→ **EXERCISE DIRECTIONS**
Among the lines below, list those containing the string "assumes".

→ **SUPPLIED INFORMATION**
___

lemma jump_op_AE_zero:
  assumes N: "1 \<le> N" and f: "AE E in leb_N N. f E = 0"
  shows "AE E in leb_N N. jump_op N TL TR K f E = 0"
proof -
  from f obtain A where A: "{E \<in> space (leb_N N). f E \<noteq> 0} \<subseteq> A" "emeasure (leb_N N) A = 0"
      "A \<in> sets (leb_N N)" by (rule AE_E)
  have f_zero: "f E = 0" if "E \<in> space (leb_N N)" "E \<notin> A" for E
    using A(1) that by auto
  have exchange: "AE E in leb_N N. \<forall>i\<in>{1..<N}. AE p in lborel.
      E(i := p * (E i + E (Suc i)), Suc i := (1 - p) * (E i + E (Suc i))) \<notin> A"
    by (intro AE_finite_allI) (auto intro: AE_leb_N_exchange_null A(2,3))
  have left: "AE E in leb_N N. \<forall>p::real. p \<noteq> 0 \<longrightarrow> (AE x in lborel. E(1 := p * (E 1 + x)) \<notin> A)"
    using AE_leb_N_boundary_null[of 1 N A] N A by auto
  have right: "AE E in leb_N N. \<forall>p::real. p \<noteq> 0 \<longrightarrow> (AE x in lborel. E(N := p * (E N + x)) \<notin> A)"
    using AE_leb_N_boundary_null[of N N A] N A by auto
  have "AE E in leb_N N. E \<notin> A" using A by (intro AE_not_in) auto
  with exchange left right AE_space show ?thesis
  proof eventually_elim
    case (elim E)
    have exchange_term: "(\<integral>\<^sup>+ p \<in> {0<..<1}. f (E(i := p * (E i + E (Suc i)),
        Suc i := (1 - p) * (E i + E (Suc i)))) \<partial>lborel) = 0" if i: "i \<in> {1..<N}" for i
    proof -
      have "AE p in lborel. E(i := p * (E i + E (Suc i)),
          Suc i := (1 - p) * (E i + E (Suc i))) \<notin> A"
        using elim i by auto
      then have "AE p in lborel. f (E(i := p * (E i + E (Suc i)),
          Suc i := (1 - p) * (E i + E (Suc i)))) * indicator {0<..<1} p = 0"
        by eventually_elim (use elim i in \<open>simp add: f_zero fun_upd_in_space_leb_N\<close>)
      from nn_integral_cong_AE[OF this] show ?thesis by simp
    qed
    have boundary_term: "(\<integral>\<^sup>+ p \<in> {0<..<1}. (\<integral>\<^sup>+ x. ennreal (exponential_density (1 / T) x) *
        f (E(j := p * (E j + x))) \<partial>lborel) \<partial>lborel) = 0"
      if j: "j \<in> {1..N}" and
        line: "\<forall>p::real. p \<noteq> 0 \<longrightarrow> (AE x in lborel. E(j := p * (E j + x)) \<notin> A)" for j T
    proof (rule nn_integral_unit_interval_zero)
      fix p :: real assume "0 < p"
      with line have "AE x in lborel. E(j := p * (E j + x)) \<notin> A" by auto
      then have "AE x in lborel. ennreal (exponential_density (1 / T) x) *
          f (E(j := p * (E j + x))) = 0"
        by eventually_elim (use elim j in \<open>simp add: f_zero fun_upd_in_space_leb_N\<close>)
      from nn_integral_cong_AE[OF this] show "(\<integral>\<^sup>+ x. ennreal (exponential_density (1 / T) x) *
          f (E(j := p * (E j + x))) \<partial>lborel) = 0"
        by simp
    qed
    show ?case
      unfolding jump_op_def
      using exchange_term boundary_term[of 1] boundary_term[of N] f_zero elim N by simp
  qed
qed
(* Let $G(n,p)$ be an Erdős–Rényi random graph on $n$ vertices with $np\to\infty$. Assume the strong external infection regime $0<\kappa<\frac{1}{4(n-1)^2}$, $a>1-\frac{1}{n^\alpha}>1-\kappa>\frac12$ for some $\alpha>1$, and additionally $\lambda\le\frac{1}{n^{1+\alpha}p}$. Let $t^{(n)}_{\mathrm{mix}}(\epsilon)$ be the mixing time of the noisy SIS model run on the realized graph $G(n,p)$. Then for every fixed $\epsilon\in(0,1)$ there is a sequence $\delta_n\to0$ such that for every $\epsilon'>0$ and all $n$ large enough, $$\mathbf{P}\Big(\tfrac{n}{2}\log n\,(1-\delta_n)\le t^{(n)}_{\mathrm{mix}}(\epsilon)\le 2n\log n\,(1+\delta_n)\Big)\ge1-\epsilon',$$ where $\mathbf{P}$ is the law of the random graph.
   Context: Let $G_n=(V_n,E_n)$ be a finite graph with $|V_n|=n$, and let $\Delta^{(n)}_{\max}=\max_{x\in V_n}\deg(x)$. The state space is $\Omega_n=\{0,1\}^{V_n}$. For $\sigma\in\Omega_n$, $x\in V_n$, let $n_{I,\sigma}(x)=\#\{y\in V_n: y\sim x,\ \sigma_y=1\}$. Fix parameters $a,\lambda,\kappa>0$ (which may depend on $n$), put $p(\sigma,x)=a+\lambda\, n_{I,\sigma}(x)$. The noisy SIS model on $G_n$ is the discrete-time Markov chain on $\Omega_n$ in which, at each step, a vertex $x$ is chosen uniformly at random and only its state may change: if $\sigma_x=0$ it becomes $1$ with probability $p(\sigma,x)$ and stays $0$ otherwise; if $\sigma_x=1$ it becomes $0$ with probability $\kappa$ and stays $1$ otherwise. It has unique stationary distribution $\mu^n_{a,\lambda,\kappa}$. With $\mu^n_{\eta_0,t}$ the law at time $t$ from $\eta_0$ and $d_{TV}$ total variation distance, $d^{(n)}(t)=\sup_{\eta_0}d_{TV}(\mu^n_{\eta_0,t},\mu^n_{a,\lambda,\kappa})$ and $t^{(n)}_{\mathrm{mix}}(\epsilon)=\inf\{t\ge0:d^{(n)}(t)\le\epsilon\}$. In $G(n,p)$ each unordered pair of distinct vertices is an edge independently with probability $p$. *)

theory Defs
  imports Complex_Main
begin

text \<open>Vertices of G_n are 0,...,n-1. A graph is a set of edges, each edge a
2-element set {i,j} of vertices. A configuration sigma is the set of infected
vertices (those x with sigma_x = 1).\<close>

definition all_pairs :: "nat \<Rightarrow> nat set set" where
  "all_pairs n = {e. \<exists>i j. i < j \<and> j < n \<and> e = {i, j}}"

definition gnp_prob :: "nat \<Rightarrow> real \<Rightarrow> (nat set set \<Rightarrow> bool) \<Rightarrow> real" where
  "gnp_prob n p P =
     (\<Sum>E\<in>{E. E \<subseteq> all_pairs n \<and> P E}.
        p ^ card E * (1 - p) ^ (card (all_pairs n) - card E))"

definition states :: "nat \<Rightarrow> nat set set" where
  "states n = Pow {..<n}"

definition n_inf :: "nat set set \<Rightarrow> nat set \<Rightarrow> nat \<Rightarrow> nat" where
  "n_inf E \<sigma> x = card {y \<in> \<sigma>. {x, y} \<in> E}"

definition site_step ::
  "nat set set \<Rightarrow> real \<Rightarrow> real \<Rightarrow> real \<Rightarrow> nat \<Rightarrow> nat set \<Rightarrow> nat set \<Rightarrow> real" where
  "site_step E a lam kap x \<sigma> \<tau> =
     (if x \<notin> \<sigma> then
        (let q = min 1 (a + lam * real (n_inf E \<sigma> x)) in
          if \<tau> = insert x \<sigma> then q else if \<tau> = \<sigma> then 1 - q else 0)
      else
        (if \<tau> = \<sigma> - {x} then kap else if \<tau> = \<sigma> then 1 - kap else 0))"

definition sis_kernel ::
  "nat \<Rightarrow> nat set set \<Rightarrow> real \<Rightarrow> real \<Rightarrow> real \<Rightarrow> nat set \<Rightarrow> nat set \<Rightarrow> real" where
  "sis_kernel n E a lam kap \<sigma> \<tau> =
     (\<Sum>x<n. site_step E a lam kap x \<sigma> \<tau>) / real n"

fun sis_law ::
  "nat \<Rightarrow> nat set set \<Rightarrow> real \<Rightarrow> real \<Rightarrow> real \<Rightarrow> nat set \<Rightarrow> nat \<Rightarrow> nat set \<Rightarrow> real" where
  "sis_law n E a lam kap \<eta>0 0 = (\<lambda>\<tau>. if \<tau> = \<eta>0 then 1 else 0)"
| "sis_law n E a lam kap \<eta>0 (Suc t) =
     (\<lambda>\<tau>. \<Sum>\<sigma>\<in>states n. sis_law n E a lam kap \<eta>0 t \<sigma> * sis_kernel n E a lam kap \<sigma> \<tau>)"

definition is_stationary ::
  "nat \<Rightarrow> nat set set \<Rightarrow> real \<Rightarrow> real \<Rightarrow> real \<Rightarrow> (nat set \<Rightarrow> real) \<Rightarrow> bool" where
  "is_stationary n E a lam kap \<mu> \<longleftrightarrow>
     (\<forall>\<sigma>. \<sigma> \<notin> states n \<longrightarrow> \<mu> \<sigma> = 0) \<and>
     (\<forall>\<sigma>\<in>states n. \<mu> \<sigma> \<ge> 0) \<and>
     (\<Sum>\<sigma>\<in>states n. \<mu> \<sigma>) = 1 \<and>
     (\<forall>\<tau>\<in>states n. \<mu> \<tau> = (\<Sum>\<sigma>\<in>states n. \<mu> \<sigma> * sis_kernel n E a lam kap \<sigma> \<tau>))"

definition sis_stat ::
  "nat \<Rightarrow> nat set set \<Rightarrow> real \<Rightarrow> real \<Rightarrow> real \<Rightarrow> nat set \<Rightarrow> real" where
  "sis_stat n E a lam kap = (THE \<mu>. is_stationary n E a lam kap \<mu>)"

definition tv_dist :: "nat \<Rightarrow> (nat set \<Rightarrow> real) \<Rightarrow> (nat set \<Rightarrow> real) \<Rightarrow> real" where
  "tv_dist n \<nu> \<mu> = (\<Sum>\<sigma>\<in>states n. \<bar>\<nu> \<sigma> - \<mu> \<sigma>\<bar>) / 2"

definition sis_d :: "nat \<Rightarrow> nat set set \<Rightarrow> real \<Rightarrow> real \<Rightarrow> real \<Rightarrow> nat \<Rightarrow> real" where
  "sis_d n E a lam kap t =
     Max ((\<lambda>\<eta>0. tv_dist n (sis_law n E a lam kap \<eta>0 t) (sis_stat n E a lam kap)) ` states n)"

definition sis_tmix :: "nat \<Rightarrow> nat set set \<Rightarrow> real \<Rightarrow> real \<Rightarrow> real \<Rightarrow> real \<Rightarrow> nat" where
  "sis_tmix n E a lam kap \<epsilon> = (LEAST t. sis_d n E a lam kap t \<le> \<epsilon>)"

end

theory Submission
  imports Defs
begin

text \<open>Because \<open>a \<ge> 1 - \<kappa>\<close>, a healthy vertex that is updated becomes infected with probability
at least \<open>1 - \<kappa>\<close> whatever its neighbourhood, so neither the graph nor \<open>\<lambda>\<close> matters and the bounds
hold for every realisation of \<open>G(n,p)\<close>. A vertex is healthy at time \<open>t\<close> only if it has not been
updated yet or its last update left it healthy, which has probability at most \<open>(1 - 1/n)^t + \<kappa>\<close>;
by a union bound the chain is in the all-infected state except with probability
\<open>n((1 - 1/n)^t + \<kappa>)\<close>, which is \<open>O(1/n)\<close> at \<open>t = 2n log n\<close> since \<open>n\<kappa> < 1/n\<close>. This minorisation
also yields existence and uniqueness of the stationary law, which charges the all-infected state
with mass close to one. Started from the empty state, the chain can only be all-infected once
every vertex has been updated, and by the coupon collector bound this has probability at most
\<open>(1 - (1 - 1/n)^t)^n \<le> exp (- sqrt n / e)\<close> at \<open>t = (n/2) log n\<close>.\<close>

lemma one_minus_power_le_exp:
  fixes y :: real
  assumes "0 \<le> y" "y \<le> 1"
  shows "(1 - y) ^ n \<le> exp (- real n * y)"
proof -
  have "(1 - y) ^ n \<le> exp (- y) ^ n"
    using assms by (intro power_mono) (auto simp: exp_ge_add_one_self[of "-y", simplified])
  also have "\<dots> = exp (- real n * y)" by (simp add: exp_of_nat_mult[symmetric])
  finally show ?thesis .
qed

lemma power_add_ge_first_terms:
  fixes r h :: real
  assumes "0 \<le> r" "0 \<le> h"
  shows "r ^ Suc k + real (Suc k) * r ^ k * h \<le> (r + h) ^ Suc k"
proof (induction k)
  case 0 then show ?case by simp
next
  case (Suc k)
  have "r ^ Suc (Suc k) + real (Suc (Suc k)) * r ^ Suc k * h
      \<le> (r + h) * (r ^ Suc k + real (Suc k) * r ^ k * h)"
    using assms by (simp add: algebra_simps)
  also have "\<dots> \<le> (r + h) * (r + h) ^ Suc k"
    using Suc assms by (intro mult_left_mono) auto
  finally show ?case by simp
qed

lemma ln_ge_1:
  assumes "n \<ge> (3::nat)"
  shows "1 \<le> ln (real n)"
proof -
  have "exp 1 \<le> (3::real)" using exp_le by simp
  also have "\<dots> \<le> real n" using assms by simp
  finally show ?thesis using assms by (simp add: ln_ge_iff)
qed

___

→ **WRITTEN REPLY**
  assumes N: "1 \<le> N" and f: "AE E in leb_N N. f E = 0"
  assumes "0 \<le> y" "y \<le> 1"
  assumes "0 \<le> r" "0 \<le> h"
  assumes "n \<ge> (3::nat)"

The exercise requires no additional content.